Я завела тарантайку Иванова и плавно тронулась с места.

— Помаши ручкой своим новым друзьям, — сказала я, когда заметила лицо Романа и Петера в окне клиники.

— Ага, друзья… — майор закрыл глаза и скрестил руки на груди. — Давай пулей к тебе, а потом на ферму. Сколько времени у тебя есть? До рассвета?

— Да, с первыми лучами солнца мне лучше быть где-нибудь, где абсолютно темно. — Я поежилась, вспоминая боль от солнечных лучей.

— Тогда не тормози. — буркнул полицейский. — Но и не гони. — посмотрел на меня одним глазом майор.

Мы быстро добрались до моей квартиры. Я пустила Иванова в свой дом, не стоять же ему под дверью или нервировать меня своим ожиданием в машине. Пока я быстро ополоснулась и наконец увидела масштабы произошедших с моим телом изменений, Иванов прохаживался по моей квартире. Я слышала, стоя на мокром коврике в ванной комнате, как полицейский аккуратно открывал платяной шкаф, заглядывал в ящики комода и шуршал чем-то на кухне. Я вышла из ванной с повязанном на груди полотенцем. Вода капала с упругих белых кудрей мне на плечи, я чувствовала, как капли стекают по спине и впитываются в мягкую махровую ткань.

Иванов помешивал быстрорастворимый кофе в большой глиняной кружке, сидя за кухонным столом, и смотрел на карточку с песочными часами и бляхой в виде орла от ремня отравителя Сереги.

— Надеюсь, ты не против, я тут себе кофейку сварганил? — спросил майор, с ангельским выражением на лице, когда я с удивлением на него взглянула.
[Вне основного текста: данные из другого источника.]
(* Let $k\ge1$, $n\ge 2k+1$, $g:=\gcd(n,k)$, and $r\in\{0,\dots,n-1\}$. Take the symmetric difference of the union of the edge sets of the $g$ cycles $C(s_0),\dots,C(s_{g-1})$ with the edge sets of the $4$-cycles $(s_{r+j},s_{r+j+k},s_{r+j+2k+1},s_{r+j+k+1})$ for $j=0,\dots,g-2$. The result is the edge set of a single cycle in $K(n,k)$ on the vertex set $\{s_0,\dots,s_{n-1}\}$.
   Context: Vertices of $K(n,k)$ are binary strings of length $n$ with $k$ ones, adjacent iff they have no $1$ at a common position. $\sigma^i$ denotes cyclic right shift by $i$ positions. For $i\in\mathbb{Z}$ (indices mod $n$), $s_i:=\sigma^i(1^k0^{n-k})$. For $x$ such a string, $f(x)$ is obtained by cyclic parenthesis matching ($1$s opening, $0$s closing brackets, each $1$ at position $i$ matched to the last $0$ of the shortest cyclic substring starting at $i$ going right with equally many $0$s and $1$s) and complementing all matched bits; $C(x)=(x,f(x),f^2(x),\dots)$ until $x$ reappears. (One has $f(s_i)=s_{i+k}$, so $C(s_i)=(s_{i+kj})_{j=0,\dots,n/g-1}$ and the cycles $C(s_0),\dots,C(s_{g-1})$ are distinct and partition $\{s_0,\dots,s_{n-1}\}$.) *)

theory Defs
  imports Main
begin

text \<open>Binary strings are bool lists (True = 1). Positions are 0-based and read cyclically.\<close>

definition kneser_vertex :: "nat \<Rightarrow> nat \<Rightarrow> bool list \<Rightarrow> bool" where
  "kneser_vertex n k x \<longleftrightarrow> length x = n \<and> count_list x True = k"

definition kneser_adj :: "bool list \<Rightarrow> bool list \<Rightarrow> bool" where
  "kneser_adj x y \<longleftrightarrow> (\<forall>p < length x. \<not> (x ! p \<and> y ! p))"

definition sigma :: "bool list \<Rightarrow> bool list" where
  "sigma x = (if x = [] then [] else last x # butlast x)"

definition s :: "nat \<Rightarrow> nat \<Rightarrow> nat \<Rightarrow> bool list" where
  "s n k i = (sigma ^^ i) (replicate k True @ replicate (n - k) False)"

definition bal :: "bool list \<Rightarrow> nat \<Rightarrow> nat \<Rightarrow> bool" where
  "bal x i d \<longleftrightarrow> 2 * card {j. j \<le> d \<and> x ! ((i + j) mod length x)} = d + 1"

definition opens :: "bool list \<Rightarrow> nat \<Rightarrow> bool" where
  "opens x i \<longleftrightarrow> i < length x \<and> x ! i \<and> (\<exists>d. 0 < d \<and> d < length x \<and> bal x i d)"

text \<open>Offset from a matched 1 at position i to its matching 0 (the last bit of the shortest balanced substring).\<close>
definition mlen :: "bool list \<Rightarrow> nat \<Rightarrow> nat" where
  "mlen x i = (LEAST d. 0 < d \<and> d < length x \<and> bal x i d)"

definition matched :: "bool list \<Rightarrow> nat \<Rightarrow> bool" where
  "matched x p \<longleftrightarrow> opens x p \<or> (\<exists>i. opens x i \<and> (i + mlen x i) mod length x = p)"

definition f :: "bool list \<Rightarrow> bool list" where
  "f x = map (\<lambda>p. if matched x p then \<not> x ! p else x ! p) [0..<length x]"

definition cyc_len :: "bool list \<Rightarrow> nat" where
  "cyc_len x = (LEAST m. 0 < m \<and> (f ^^ m) x = x)"

definition cycle_edges :: "bool list \<Rightarrow> bool list set set" where
  "cycle_edges x = {{(f ^^ j) x, (f ^^ Suc j) x} | j. j < cyc_len x}"

definition four_cycle_edges :: "'a \<Rightarrow> 'a \<Rightarrow> 'a \<Rightarrow> 'a \<Rightarrow> 'a set set" where
  "four_cycle_edges a b c d = {{a, b}, {b, c}, {c, d}, {d, a}}"

definition symdiff :: "'a set \<Rightarrow> 'a set \<Rightarrow> 'a set" where
  "symdiff A B = (A - B) \<union> (B - A)"

definition is_kneser_cycle :: "nat \<Rightarrow> nat \<Rightarrow> bool list set \<Rightarrow> bool list set set \<Rightarrow> bool" where
  "is_kneser_cycle n k V E \<longleftrightarrow>
     (\<exists>L v. L \<ge> 3 \<and> inj_on v {..<L} \<and> v ` {..<L} = V \<and>
        (\<forall>i<L. kneser_vertex n k (v i) \<and> kneser_adj (v i) (v (Suc i mod L))) \<and>
        E = {{v i, v (Suc i mod L)} | i. i < L})"

end

theory Submission
  imports Defs "HOL-Number_Theory.Cong"
begin

text \<open>
  The string s_i is the indicator of the cyclic window i, ..., i + k - 1. Its 1s are matched by
  the 0s in the next k positions, so f shifts the window by k and C(s_i) is the cycle
  s_i, s_(i+k), s_(i+2k), ... of length n/g through all s_x with x = i (mod g); these g cycles
  are vertex-disjoint. The j-th 4-cycle consists of the edge s_(r+j) s_(r+j+k) of the cycle of
  class r + j, the edge s_(r+j+k+1) s_(r+j+2k+1) of the cycle of class r + j + 1, and the two
  edges joining their endpoints. Taking the symmetric difference therefore replaces two edges of
  two disjoint cycles by two edges joining them into one cycle, and by induction the classes
  r, ..., r + j are merged into a single cycle that still contains the edge of class r + j used in
  the next step. All edges involved join windows whose starting points differ by k or k + 1, and
  such windows are disjoint because 2k + 1 \<le> n.
\<close>

section \<open>Windows\<close>

lemma length_sigma [simp]: "length (sigma x) = length x"
  by (cases x) (auto simp: sigma_def)

lemma nth_sigma:
  assumes "p < length x"
  shows "sigma x ! p = x ! ((p + length x - 1) mod length x)"
proof (cases p)
  case 0
  with assms show ?thesis
    by (simp add: sigma_def last_conv_nth)
next
  case (Suc q)
  with assms show ?thesis
    by (auto simp: sigma_def nth_butlast)
qed

lemma count_list_sigma: "count_list (sigma x) a = count_list x a"
  by (cases x rule: rev_cases) (simp_all add: sigma_def)

lemma s_Suc: "s n k (Suc i) = sigma (s n k i)"
  by (simp add: s_def)

lemma length_s [simp]: "k \<le> n \<Longrightarrow> length (s n k i) = n"
  by (induction i) (simp_all add: s_def)

lemma count_list_s: "k \<le> n \<Longrightarrow> count_list (s n k i) True = k"
proof (induction i)
  case 0
  have "count_list (replicate m True) True = m" for m
    by (induction m) simp_all
  then show ?case
    by (simp add: s_def count_list_0_iff)
next
  case (Suc i)
  then show ?case
    by (simp add: s_Suc count_list_sigma)
qed

lemma kneser_vertex_s: "k \<le> n \<Longrightarrow> kneser_vertex n k (s n k i)"
  by (simp add: kneser_vertex_def count_list_s)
Не сказала бы что мне нравилось, то что Богдан хозяйничал в моей квартире и рылся в моих вещах, но за мной был должок — я в его доме вела себя более невоспитанно — тайно следила за ним через окно, читала чужой дневник и, в конце концов, пыталась удавить Иванова.

— Не против. — поджав губы, буркнула я и до упора закрыла ящик кухонного стола, откуда майор вытащил чайную ложку.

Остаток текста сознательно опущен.